Chair of Incredible Edible

= Pamela Warhurst =

British Incredible Edible cofounder (born 1950)

Pamela Janice Warhurst (born 1950) is a British community leader, activist and environment worker who founded the voluntary gardening initiative, Incredible Edible, in Todmorden, West Yorkshire. In 2009, Prince Charles visited the project in support.

Warhurst is currently Chair of Incredible Edible and Chair of the Todmorden Town Deal regeneration board . She was formerly Chair of Forestry Commission Great Britain, Chair of The Incredible Aquagarden (subsequently dissolved), a social enterprise demonstrating and teaching urban farming and Chair of Handmade Parade, a leading community arts enterprise.
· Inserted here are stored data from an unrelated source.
lemma axis_nonneg: "\<forall>i. 0 \<le> (axis k 1 :: real^'n)$i"
  by (simp add: axis_def)

lemma axis_add_axis_nonneg: "\<forall>i. 0 \<le> (axis k 1 + axis l 1 :: real^'n)$i"
  by (simp add: axis_def)

lemma lyap_scaleR_transpose:
  "lyap (a *\<^sub>R R) (b *\<^sub>R transpose R) X = (2 * a * b) *\<^sub>R (R ** X ** transpose R)"
proof -
  have "lyap (a *\<^sub>R R) (b *\<^sub>R transpose R) X
      = (a * b) *\<^sub>R (R ** X ** transpose R) + (b * a) *\<^sub>R (R ** X ** transpose R)"
    by (simp add: lyap_def transpose_scalar matrix_scalar_ac scalar_matrix_assoc[symmetric])
  then show ?thesis
    by (simp add: scaleR_add_left[symmetric])
qed

lemma lyap_outer_prod:
  "lyap A B (outer_prod x x) = outer_prod (A *v x) (transpose B *v x) + outer_prod (transpose B *v x) (A *v x)"
  unfolding lyap_def matrix_mult_outer_prod by simp

lemma standard_map_matrix_invertible:
  fixes L :: "real^'n^'n \<Rightarrow> real^'n^'n"
  assumes "bij_betw L sym_mats sym_mats"
    and "\<forall>X\<in>sym_mats. L X = R ** X ** transpose R"
  shows "invertible R"
proof -
  have "mat 1 \<in> sym_mats"
    by (simp add: sym_mats_def transpose_mat)
  then obtain X where "X \<in> sym_mats" "L X = mat 1"
    using assms(1) unfolding bij_betw_def by (metis imageE)
  then have "R ** (X ** transpose R) = mat 1"
    using assms(2) by (simp add: matrix_mul_assoc)
  then show ?thesis
    using invertible_right_inverse by blast
qed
She is also a Fellow of the Royal Society of Arts & Manufacturing, and an honorary fellow of both the Landscape Institute and Leeds Beckett University. She has an MA in Economics from Manchester University.

She previously served as a member of the Board of Natural England, where she was the lead non-executive board member working on the Countryside & Rights of Way Bill in 2000. She has been both Deputy Chair and Acting Chair of the Countryside Agency, a Labour council leader on the Calderdale Council, and a board member of Yorkshire Forward. She has also chaired the National Countryside Access Forum and the Calderdale NHS Trust.

From 2005 to 2018 she took the chair of Pennine Prospects, a regeneration company focusing on the South Pennine region of the United Kingdom. In the New Year Honours 2005 Warhurst was appointed as a Commander of the Order of the British Empire (CBE), for services to the environment.

Warhurst lives in Todmorden, West Yorkshire.

In 2008, she launched Incredible Edible in Todmorden, West Yorkshire, there are currently 150 groups in the UK and 1000 groups around the world. She started an experimental project focused on "eating" in which she sowed seeds of kidney beans and other vegetables on the grounds of a dilapidated health center, a sign saying "FOOD FOR FREE" was erected when the produce was harvested. From this, the initiative opened 70 areas for the growing of food in Todmorden. The initiative operates with three primary values, described by their founder as spinning “plates”: community, business, and education. Warhurts has given lectures on the project (including TED talks) and written a book.